Configuration¶

hydro-param uses two YAML configuration files that correspond to its two-phase architecture:

Pipeline config (Phase 1) --- Declares what datasets to fetch and what zonal statistics to compute. Produces a Standardized Internal Representation (SIR) on disk.
pywatershed run config (Phase 2) --- Maps SIR output to model-specific parameters, forcing files, and control settings for pywatershed.

Both configs are declarative only: they say what to compute, not how. No variables, conditionals, or templating.

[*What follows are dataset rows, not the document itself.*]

(* Let $\theta_1,\theta_2>0$, $\theta=\theta_1+\theta_2$, $p=\theta_1/\theta$, and let $\{\xi(t)\}_{t\ge0}$ be the Fleming–Viot process on $[0,1]$ with generator \[ \mathcal{L}g(x)=x\big(g(1)-g(x)\big)+(1-x)\big(g(0)-g(x)\big)+\tfrac12(\theta_1-\theta x)g'(x). \] Writing $\mathbb{E}_x$ for expectation given $\xi(0)=x$, for $n=0,1,\ldots$ \begin{align*} \mathbb{E}_x\big[(\xi(t)-p)^n\big]&=e^{-t(1+n\theta/2)}(x-p)^n\\ &\quad+\frac{2/\theta}{n+2/\theta}\Big[p(1-p)^n+(-1)^n(1-p)p^n\Big]\Big[1-e^{-t(1+n\theta/2)}\Big]\\ &\quad+\frac{(x-p)e^{-\theta t/2}(2/\theta)}{n-1+2/\theta}\Big[(1-p)^n-(-1)^np^n\Big]\Big[1-e^{-t(1+(n-1)\theta/2)}\Big]. \end{align*}
   Context: $\{\xi(t)\}$ is the two-type star-shaped $\Lambda$-Fleming–Viot process with mutation: at rate 1 the whole population is replaced by the offspring of a single randomly chosen individual, and mutation occurs along lines at rate $\theta/2$ with new type 1 with probability $p$; $\xi(t)$ is the frequency of type 1. *)

theory Defs
  imports "HOL-Probability.Probability"
begin

text \<open>Pathwise construction of the two-type star-shaped Fleming-Viot process with
generator  L g(x) = x (g 1 - g x) + (1 - x)(g 0 - g x) + 1/2 (theta1 - theta x) g'(x).
It is a piecewise-deterministic Markov process: between jumps it follows the flow
y' = (theta1 - theta y)/2, i.e. y(s) = p + (y0 - p) exp(-theta s/2); at rate 1 it jumps
to 1 with probability equal to the current state and to 0 otherwise.
The randomness is an i.i.d. sequence of pairs (E_k, U_k) with E_k ~ Exp(1) (holding
times) and U_k ~ Uniform[0,1] (marks deciding the jump target).\<close>

definition fv_flow :: "real \<Rightarrow> real \<Rightarrow> real \<Rightarrow> real \<Rightarrow> real" where
  "fv_flow \<theta> p s y = p + (y - p) * exp (- (\<theta> / 2) * s)"

fun fv_jump_time :: "(nat \<Rightarrow> real \<times> real) \<Rightarrow> nat \<Rightarrow> real" where
  "fv_jump_time \<omega> 0 = 0"
| "fv_jump_time \<omega> (Suc k) = fv_jump_time \<omega> k + fst (\<omega> k)"

fun fv_state :: "real \<Rightarrow> real \<Rightarrow> real \<Rightarrow> (nat \<Rightarrow> real \<times> real) \<Rightarrow> nat \<Rightarrow> real" where
  "fv_state \<theta> p x \<omega> 0 = x"
| "fv_state \<theta> p x \<omega> (Suc k) =
     (if snd (\<omega> k) < fv_flow \<theta> p (fst (\<omega> k)) (fv_state \<theta> p x \<omega> k) then 1 else 0)"

definition fv_xi :: "real \<Rightarrow> real \<Rightarrow> real \<Rightarrow> (nat \<Rightarrow> real \<times> real) \<Rightarrow> real \<Rightarrow> real" where
  "fv_xi \<theta>\<^sub>1 \<theta>\<^sub>2 x \<omega> t =
     (let \<theta> = \<theta>\<^sub>1 + \<theta>\<^sub>2; p = \<theta>\<^sub>1 / \<theta>;
          k = (LEAST k. t < fv_jump_time \<omega> (Suc k))
      in fv_flow \<theta> p (t - fv_jump_time \<omega> k) (fv_state \<theta> p x \<omega> k))"

definition fv_space :: "(nat \<Rightarrow> real \<times> real) measure" where
  "fv_space = (\<Pi>\<^sub>M i\<in>UNIV. (density lborel (exponential_density 1)
                             \<Otimes>\<^sub>M uniform_measure lborel {0..1}))"

end

theory Submission
  imports Defs "HOL-Real_Asymp.Real_Asymp"
begin

(*
  Write m(x, t) for the centred moment E_x (xi(t) - p)^n and phi_s(x) = p + (x - p) e^(-theta s/2)
  for the deterministic flow. Conditioning on the first holding time E ~ Exp(1) and on the first
  jump target (1 with probability phi_E(x), else 0) gives the renewal equation
    m(x, t) = e^(-t) (phi_t(x) - p)^n
              + E [1{E <= t} (phi_E(x) m(1, t - E) + (1 - phi_E(x)) m(0, t - E))].
  The closed form F solves the same equation: the integrand only involves
  p F(1, r) + (1 - p) F(0, r) and F(1, r) - F(0, r), which are combinations of exponentials, so
  the integral has an explicit antiderivative. Bounded solutions are unique: on {0, 1} x [0, T]
  the difference of two solutions is bounded by P(E <= T) = 1 - e^(-T) times its own supremum,
  hence vanishes. Evaluating the renewal equation once more yields m(x, t) = F(x, t) for every x.
*)

lemma (in sequence_space) nn_integral_case_nat:
  assumes [measurable]: "f \<in> borel_measurable S"
  shows "(\<integral>\<^sup>+\<omega>. f \<omega> \<partial>S) = (\<integral>\<^sup>+s. \<integral>\<^sup>+\<omega>. f (case_nat s \<omega>) \<partial>S \<partial>M)"
proof -
  have "(\<integral>\<^sup>+\<omega>. f \<omega> \<partial>S) = (\<integral>\<^sup>+x. f (case_nat (fst x) (snd x)) \<partial>(M \<Otimes>\<^sub>M S))"
    by (subst PiM_iter[symmetric]) (simp add: nn_integral_distr split_beta')
  also have "\<dots> = (\<integral>\<^sup>+s. \<integral>\<^sup>+\<omega>. f (case_nat s \<omega>) \<partial>S \<partial>M)"
    by (subst P.nn_integral_fst[symmetric]) auto
  finally show ?thesis .
qed

lemma (in sequence_space) integral_case_nat:
  fixes f :: "_ \<Rightarrow> 'b::{banach, second_countable_topology}"
  assumes f: "integrable S f"
  shows "(\<integral>\<omega>. f \<omega> \<partial>S) = (\<integral>s. \<integral>\<omega>. f (case_nat s \<omega>) \<partial>S \<partial>M)"
    and "integrable M (\<lambda>s. \<integral>\<omega>. f (case_nat s \<omega>) \<partial>S)"
proof -
  interpret pair_sigma_finite M S
    by (simp add: pair_sigma_finite_def M.sigma_finite_measure_axioms P.sigma_finite_measure_axioms)
  have [measurable]: "f \<in> borel_measurable S" using f by simp
  have int: "integrable (M \<Otimes>\<^sub>M S) (\<lambda>x. f (case_nat (fst x) (snd x)))"
    using f by (subst (asm) PiM_iter[symmetric]) (simp add: integrable_distr_eq split_beta')
  have "(\<integral>\<omega>. f \<omega> \<partial>S) = (\<integral>x. f (case_nat (fst x) (snd x)) \<partial>(M \<Otimes>\<^sub>M S))"
    by (subst PiM_iter[symmetric]) (simp add: integral_distr split_beta')
  then show "(\<integral>\<omega>. f \<omega> \<partial>S) = (\<integral>s. \<integral>\<omega>. f (case_nat s \<omega>) \<partial>S \<partial>M)"
    using integral_fst'[OF int] by simp
  show "integrable M (\<lambda>s. \<integral>\<omega>. f (case_nat s \<omega>) \<partial>S)"
    using integrable_fst'[OF int] by simp
qed

lemma eq_0_if_le_mult_SUP:
  fixes f :: "'a \<Rightarrow> real"
  assumes "bdd_above (f ` A)" and "\<And>a. a \<in> A \<Longrightarrow> 0 \<le> f a"
    and "\<And>a. a \<in> A \<Longrightarrow> f a \<le> c * (SUP a\<in>A. f a)" and "c < 1" and "a \<in> A"
  shows "f a = 0"
proof -
  have "f a \<le> (SUP a\<in>A. f a)" using assms(1,5) by (rule cSUP_upper2) simp
  moreover have "(SUP a\<in>A. f a) \<le> c * (SUP a\<in>A. f a)"
    using assms(3,5) by (intro cSUP_least) auto
  ultimately show ?thesis using assms(2,4,5) by (smt (verit) mult_le_cancel_right1)
qed

section \<open>Holding times, marks and sample paths\<close>

abbreviation hold_measure :: "real measure" where
  "hold_measure \<equiv> density lborel (exponential_density 1)"

abbreviation mark_measure :: "real measure" where
  "mark_measure \<equiv> uniform_measure lborel {0..1}"

abbreviation fv_step_measure :: "(real \<times> real) measure" where
  "fv_step_measure \<equiv> hold_measure \<Otimes>\<^sub>M mark_measure"

lemma prob_space_hold_measure: "prob_space hold_measure"
  by (rule prob_space_exponential_density) simp

lemma prob_space_mark_measure: "prob_space mark_measure"
  by (intro prob_space_uniform_measure) auto

lemma prob_space_fv_step_measure: "prob_space fv_step_measure"
  by (intro prob_space_pair prob_space_hold_measure prob_space_mark_measure)

lemma nn_integral_hold_measure_exp: "(\<integral>\<^sup>+e. exp (- e) \<partial>hold_measure) = ennreal (1/2)"
proof -
  have "(\<integral>\<^sup>+e. exp (- e) \<partial>hold_measure) = (\<integral>\<^sup>+e. ennreal (exp (- 2 * e)) * indicator {0..} e \<partial>lborel)"
    by (subst nn_integral_density)
      (auto simp: exponential_density_def ennreal_mult'[symmetric] mult_exp_exp
            intro!: nn_integral_cong split: split_indicator)
  also have "\<dots> = ennreal (0 - (- exp (- 2 * 0) / 2))"
  proof (rule nn_integral_FTC_atLeast)
    show "((\<lambda>x. - exp (- 2 * x) / 2) has_real_derivative exp (- 2 * x)) (at x)" for x :: real
      by (auto intro!: derivative_eq_intros)
    show "((\<lambda>x::real. - exp (- 2 * x) / 2) \<longlongrightarrow> 0) at_top"
      by real_asymp
  qed auto
  finally show ?thesis by simp
qed

lemma measure_hold_measure_atMost: "0 \<le> t \<Longrightarrow> measure hold_measure {..t} = 1 - exp (- t)"
  using emeasure_erlang_density[of 1 0 t] by (simp add: measure_def erlang_CDF_0)

lemma measure_hold_measure_greaterThan: "0 \<le> t \<Longrightarrow> measure hold_measure {t<..} = exp (- t)"
proof -
  assume "0 \<le> t"
  interpret prob_space hold_measure by (rule prob_space_hold_measure)
  have "{t<..} = space hold_measure - {..t}" by auto
  then show ?thesis
    using prob_compl[of "{..t}"] measure_hold_measure_atMost[OF \<open>0 \<le> t\<close>] by simp
qed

All logic lives in Python.

Config validation

Both configs are validated at load time by Pydantic v2. Invalid configs fail fast with clear error messages before any data is fetched or parameters are derived.

Pipeline config (Phase 1)¶

The pipeline config drives the hydro-param run command. It has five top-level sections:

Section	Required	Purpose
`target_fabric`	Yes	Polygon mesh to parameterize
`datasets`	Yes	Datasets, variables, and statistics to compute
`output`	No	Output directory, format, and name
`processing`	No	Batch size, resume, timeout
`domain`	No	Spatial subsetting (bbox, HUC, gage)

`target_fabric`¶

The spatial mesh whose features receive zonal statistics. Must be a pre-existing geospatial file --- hydro-param does not fetch or subset fabrics (use pynhd upstream).

Field	Type	Default	Description
`path`	string	required	Path to fabric file (GeoPackage or GeoParquet)
`id_field`	string	required	Column with unique feature IDs. Becomes the xarray dimension name in all output.
`crs`	string	`"EPSG:4326"`	Coordinate reference system as an EPSG string

Choosing id_field

The id_field propagates through the entire pipeline: it controls the xarray dimension name in the SIR, the CSV index column, and feature matching in the pywatershed derivation plugin. Common values:

nhm_id --- pywatershed / National Hydrologic Model
featureid --- NHDPlus
hru_id --- custom fabrics

`datasets`¶

Datasets are organized by category. Each category key must be one of the valid registry categories:

climate, geology, hydrography, land_cover, snow, soils, topography, water_bodies

Each category contains a list of dataset requests:

Field	Type	Default	Description
`name`	string	required	Dataset name from the registry (e.g., `dem_3dep_10m`)
`source`	string	`null`	Local file path override for `local_tiff` datasets
`variables`	list	`[]`	Variable names to extract
`statistics`	list	`["mean"]`	Zonal statistics: `mean`, `categorical`, `majority`, `sum`, `min`, `max`, `median`
`year`	int or list	`null`	Year(s) for multi-year static datasets (e.g., NLCD). Range: 1900--2100.
`time_period`	list	`null`	`[start, end]` ISO dates for temporal datasets

Static vs. temporal datasets

Static datasets (topography, soils, land cover) use year for multi-epoch data. The pipeline produces year-suffixed output keys (e.g., lndcov_frac_2021).
Temporal datasets (climate, snow) use time_period with ISO date strings. The pipeline splits processing by calendar year automatically.

`output`¶

Field	Type	Default	Description
`path`	string	`"./output"`	Output directory (created automatically)
`format`	string	`"netcdf"`	Format for temporal output: `netcdf` or `parquet`
`sir_name`	string	`"result"`	Name used in CF-1.8 metadata and log messages

`processing`¶

Field	Type	Default	Description
`batch_size`	int	`500`	Max features per spatial batch. KD-tree bisection groups nearby features.
`resume`	bool	`false`	Skip datasets whose outputs already exist (checked via manifest)
`sir_validation`	string	`"tolerant"`	`"tolerant"` logs warnings; `"strict"` raises on any issue
`network_timeout`	int	`120`	GDAL HTTP timeout in seconds for COG/vsicurl access

`domain` (optional)¶

When present, clips the target fabric to the specified extent before processing. When omitted, the full fabric extent is used.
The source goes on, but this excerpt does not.